__ABOUT THIS EXERCISE__. Up to and including the line with "unfolding monomial_def using", copy the records below exactly from their first line.

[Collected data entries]
lemma degree_span_mult:
  assumes "x \<in> degree_span G d" "y \<in> degree_span G d'"
  shows "x * y \<in> degree_span G (d + d')"
proof (rule Fp_span_mult[OF Fp_subspace_degree_span _ assms[unfolded degree_span_def]])
  fix a b assume "a \<in> monomial G ` exponents G d" "b \<in> monomial G ` exponents G d'"
  then show "a * b \<in> degree_span G (d + d')"
    by (auto simp flip: monomial_add intro!: monomial_in_degree_span exponents_add)
qed

lemma one_in_degree_span: "1 \<in> degree_span G d"
proof -
  have "monomial G (\<lambda>_. 0) = 1" "(\<lambda>_. 0) \<in> exponents G d"
    unfolding monomial_def exponents_def by simp_all
  then show ?thesis
    by (metis monomial_in_degree_span)
qed

lemma degree_span_power: "x \<in> degree_span G d \<Longrightarrow> x ^ n \<in> degree_span G (n * d)"
  by (induction n) (simp_all add: one_in_degree_span degree_span_mult)

lemma generator_in_degree_span:
  assumes "finite G" "x \<in> G"
  shows "x \<in> degree_span G 1"
proof -
  let ?e = "\<lambda>y. if y = x then 1 else 0"
  have "monomial G ?e = x"
    unfolding monomial_def using assms by (simp add: if_distrib[of "power _"] cong: if_cong)
  moreover have "?e \<in> exponents G 1"
    unfolding exponents_def using assms by simp
  ultimately show ?thesis
    by (metis monomial_in_degree_span)
qed

lemma degree_span_fraction:
  fixes G :: "'a::field set"
  assumes "CHAR('a) > 0" "finite G" "generated_subfield G = UNIV"
  shows "\<exists>d a b. a \<in> degree_span G d \<and> b \<in> degree_span G d \<and> b \<noteq> 0 \<and> z = a / b"
proof -
  define A where "A = (\<Union>d. degree_span G d)"
  have closed: "x + y \<in> A" "x * y \<in> A" if xy: "x \<in> A" "y \<in> A" for x y
  proof -
    obtain d d' where "x \<in> degree_span G d" "y \<in> degree_span G d'"
      using xy unfolding A_def by blast
    moreover have "degree_span G d \<union> degree_span G d' \<subseteq> degree_span G (d + d')"
      by (simp add: degree_span_mono)
    ultimately have "x + y \<in> degree_span G (d + d')" "x * y \<in> degree_span G (d + d')"
      using Fp_subspace_degree_span[of G "d + d'"] degree_span_mult
      unfolding Fp_subspace_def by blast+
    then show "x + y \<in> A" "x * y \<in> A"
      unfolding A_def by blast+
  qed
  have uminus: "- x \<in> A" if "x \<in> A" for x
    using that Fp_subspace_uminus[OF assms(1) Fp_subspace_degree_span] unfolding A_def by blast
  have "G \<subseteq> A"
    unfolding A_def using generator_in_degree_span[OF assms(2)] by blast
  moreover have "0 \<in> A" "1 \<in> A"
    unfolding A_def using Fp_subspace_degree_span[of G 0] one_in_degree_span[of G 0]
    unfolding Fp_subspace_def by blast+
  ultimately obtain a b where "a \<in> A" "b \<in> A" "b \<noteq> 0" "z = a / b"
    using generated_subfield_fraction[OF assms(3) _ _ _ closed uminus] by blast
  moreover from this obtain d d' where "a \<in> degree_span G d" "b \<in> degree_span G d'"
    unfolding A_def by blast
  moreover have "degree_span G d \<union> degree_span G d' \<subseteq> degree_span G (d + d')"
    by (simp add: degree_span_mono)
  ultimately show ?thesis
    by blast
qed

lemma common_denominator:
  fixes G :: "'a::field set"
  assumes "CHAR('a) > 0" "finite G" "generated_subfield G = UNIV" "finite Z"
  shows "\<exists>D \<delta> E. D \<in> degree_span G \<delta> \<and> D \<noteq> 0 \<and> (\<forall>z\<in>Z. z * D \<in> degree_span G E)"
  using assms(4)
proof (induction Z rule: finite_induct)
  case empty
  show ?case
    using one_in_degree_span by fastforce
next
  case (insert z Z)
  then obtain D \<delta> E where D: "D \<in> degree_span G \<delta>" "D \<noteq> 0" "\<forall>z\<in>Z. z * D \<in> degree_span G E"
    by blast
  obtain d a b where ab: "a \<in> degree_span G d" "b \<in> degree_span G d" "b \<noteq> 0" "z = a / b"
    using degree_span_fraction[OF assms(1-3)] by blast
  have "z * (D * b) = a * D"
    using ab by simp
  moreover have "a * D \<in> degree_span G (d + \<delta>)"
    using ab D degree_span_mult by blast
  moreover have "(z' * D) * b \<in> degree_span G (E + d)" if "z' \<in> Z" for z'
    using D(3) that ab(2) degree_span_mult by blast
  ultimately have "\<forall>z'\<in>insert z Z. z' * (D * b) \<in> degree_span G (E + d + \<delta>)"
    using degree_span_mono[of "d + \<delta>" "E + d + \<delta>" G] degree_span_mono[of "E + d" "E + d + \<delta>" G]
    by (auto simp: ac_simps)
  moreover have "D * b \<in> degree_span G (\<delta> + d)" "D * b \<noteq> 0"
    using D ab by (simp_all add: degree_span_mult)
  ultimately show ?case
    by blast
qed

section \<open>Coordinates with respect to a basis of K over K^p\<close>

locale frobenius_coordinates =
  fixes p m :: nat and h :: "nat \<Rightarrow> 'a::field" and \<pi> :: "nat \<Rightarrow> 'a \<Rightarrow> 'a"
  assumes prime_p: "prime p" and CHAR_eq: "CHAR('a) = p"
    and independent: "\<forall>g. (\<Sum>i<m. g i ^ p * h i) = 0 \<longrightarrow> (\<forall>i<m. g i = 0)"
    and expansion: "\<forall>f. f = (\<Sum>i<m. \<pi> i f ^ p * h i)"
begin

lemma frobenius_add: "(x + y :: 'a) ^ p = x ^ p + y ^ p"
  by (rule freshmans_dream) (simp_all add: prime_p CHAR_eq)

lemma frobenius_diff: "(x - y :: 'a) ^ p = x ^ p - y ^ p"
  using frobenius_add[of "x - y" y] by simp

lemma sum_coordinates [simp]: "(\<Sum>i<m. \<pi> i f ^ p * h i) = f"
  by (rule expansion[rule_format, symmetric])

lemma coordinates_unique:
  assumes "(\<Sum>i<m. a i ^ p * h i) = (\<Sum>i<m. b i ^ p * h i)" "i < m"
  shows "a i = b i"
proof -
  have "(\<Sum>i<m. (a i - b i) ^ p * h i) = 0"
    using assms(1) by (simp add: frobenius_diff left_diff_distrib sum_subtractf)
  then show ?thesis
    using spec[OF independent, of "\<lambda>i. a i - b i"] assms(2) by simp
qed

lemma additive_coordinate:
  assumes "i < m"
  shows "additive (\<pi> i)"
proof
  fix x y
  have "(\<Sum>i<m. (\<pi> i x + \<pi> i y) ^ p * h i) = (\<Sum>i<m. \<pi> i (x + y) ^ p * h i)"
    by (simp add: frobenius_add distrib_right sum.distrib)
  from coordinates_unique[OF this assms] show "\<pi> i (x + y) = \<pi> i x + \<pi> i y"
    by simp
qed

lemma coordinate_pth_power_mult:
  assumes "i < m"
  shows "\<pi> i (a ^ p * y) = a * \<pi> i y"
proof -
  have "(\<Sum>i<m. (a * \<pi> i y) ^ p * h i) = (\<Sum>i<m. \<pi> i (a ^ p * y) ^ p * h i)"
    by (simp add: power_mult_distrib mult.assoc flip: sum_distrib_left)
  from coordinates_unique[OF this assms] show ?thesis
    by simp
qed

lemma coordinate_times_denominator:
  assumes "i < m" "y \<in> degree_span G k"
    and denom: "\<forall>r\<in>reduced_exponents G p. \<pi> i (monomial G r) * D \<in> degree_span G E"
  shows "\<pi> i y * D \<in> degree_span G (k div p + E)"
proof -
  have "additive (\<lambda>y. \<pi> i y * D)"
    by standard (simp add: additive.add[OF additive_coordinate[OF assms(1)]] distrib_right)
  moreover have "\<pi> i (monomial G e) * D \<in> degree_span G (k div p + E)" if "e \<in> exponents G k" for e
  proof -
    have "p > 0"
      using prime_p prime_gt_0_nat by blast
    have "\<pi> i (monomial G e) * D
          = monomial G (\<lambda>x. e x div p) * (\<pi> i (monomial G (\<lambda>x. e x mod p)) * D)"
      by (subst monomial_div_mod[of G e p]) (simp add: coordinate_pth_power_mult[OF assms(1)])
    also have "\<dots> \<in> degree_span G (k div p + E)"
      using denom exponents_mod[OF that \<open>p > 0\<close>]
      by (intro degree_span_mult monomial_in_degree_span exponents_div[OF that \<open>p > 0\<close>]) blast
    finally show ?thesis .
  qed
  ultimately show ?thesis
    using assms(2) additive_image_Fp_span_subset[OF _ Fp_subspace_degree_span]
    unfolding degree_span_def by blast
qed

lemma scaled_coordinate_in_degree_span:
  assumes "i < m" "y \<in> degree_span G (p * (\<delta> + E + 1) + 1)"
    and D: "D \<in> degree_span G \<delta>" "D \<noteq> 0"
    and denom: "\<forall>r\<in>reduced_exponents G p. \<pi> i (monomial G r) * D \<in> degree_span G E"
  shows "\<pi> i (y / D ^ p) * D ^ p \<in> degree_span G (p * (\<delta> + E + 1))"
proof -
  obtain q where p: "p = q + 2"
    using prime_p prime_ge_2_nat by (metis le_add_diff_inverse2)
  have "(p * (\<delta> + E + 1) + 1) div p = \<delta> + E + 1"
    using div_mult_self1[of p 1 "\<delta> + E + 1"] p by (simp add: ac_simps)
  then have "\<pi> i y * D \<in> degree_span G (\<delta> + E + 1 + E)"
    using coordinate_times_denominator[OF assms(1,2) denom] by simp
  then have "\<pi> i y * D * D ^ q \<in> degree_span G (\<delta> + E + 1 + E + q * \<delta>)"
    using degree_span_mult degree_span_power[OF D(1)] by blast
  moreover have "\<delta> + E + 1 + E + q * \<delta> \<le> p * (\<delta> + E + 1)"
    unfolding p by (simp add: algebra_simps)
  moreover have "\<pi> i (y / D ^ p) * D ^ p = \<pi> i y * D * D ^ q"
  proof -
    have "y / D ^ p = inverse D ^ p * y"
      by (simp add: divide_inverse power_inverse mult.commute)
    then have "\<pi> i (y / D ^ p) = inverse D * \<pi> i y"
      using coordinate_pth_power_mult[OF assms(1)] by metis
    then show ?thesis
      using D(2) unfolding p by (simp add: field_simps power_add)
  qed
  ultimately show ?thesis
    using degree_span_mono by (metis subsetD)
qed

__EXERCISE RESPONSE__.
lemma degree_span_mult:
  assumes "x \<in> degree_span G d" "y \<in> degree_span G d'"
  shows "x * y \<in> degree_span G (d + d')"
proof (rule Fp_span_mult[OF Fp_subspace_degree_span _ assms[unfolded degree_span_def]])
  fix a b assume "a \<in> monomial G ` exponents G d" "b \<in> monomial G ` exponents G d'"
  then show "a * b \<in> degree_span G (d + d')"
    by (auto simp flip: monomial_add intro!: monomial_in_degree_span exponents_add)
qed

lemma one_in_degree_span: "1 \<in> degree_span G d"
proof -
  have "monomial G (\<lambda>_. 0) = 1" "(\<lambda>_. 0) \<in> exponents G d"
    unfolding monomial_def exponents_def by simp_all
  then show ?thesis
    by (metis monomial_in_degree_span)
qed

lemma degree_span_power: "x \<in> degree_span G d \<Longrightarrow> x ^ n \<in> degree_span G (n * d)"
  by (induction n) (simp_all add: one_in_degree_span degree_span_mult)

lemma generator_in_degree_span:
  assumes "finite G" "x \<in> G"
  shows "x \<in> degree_span G 1"
proof -
  let ?e = "\<lambda>y. if y = x then 1 else 0"
  have "monomial G ?e = x"
    unfolding monomial_def using assms by (simp add: if_distrib[of "power _"] cong: if_cong)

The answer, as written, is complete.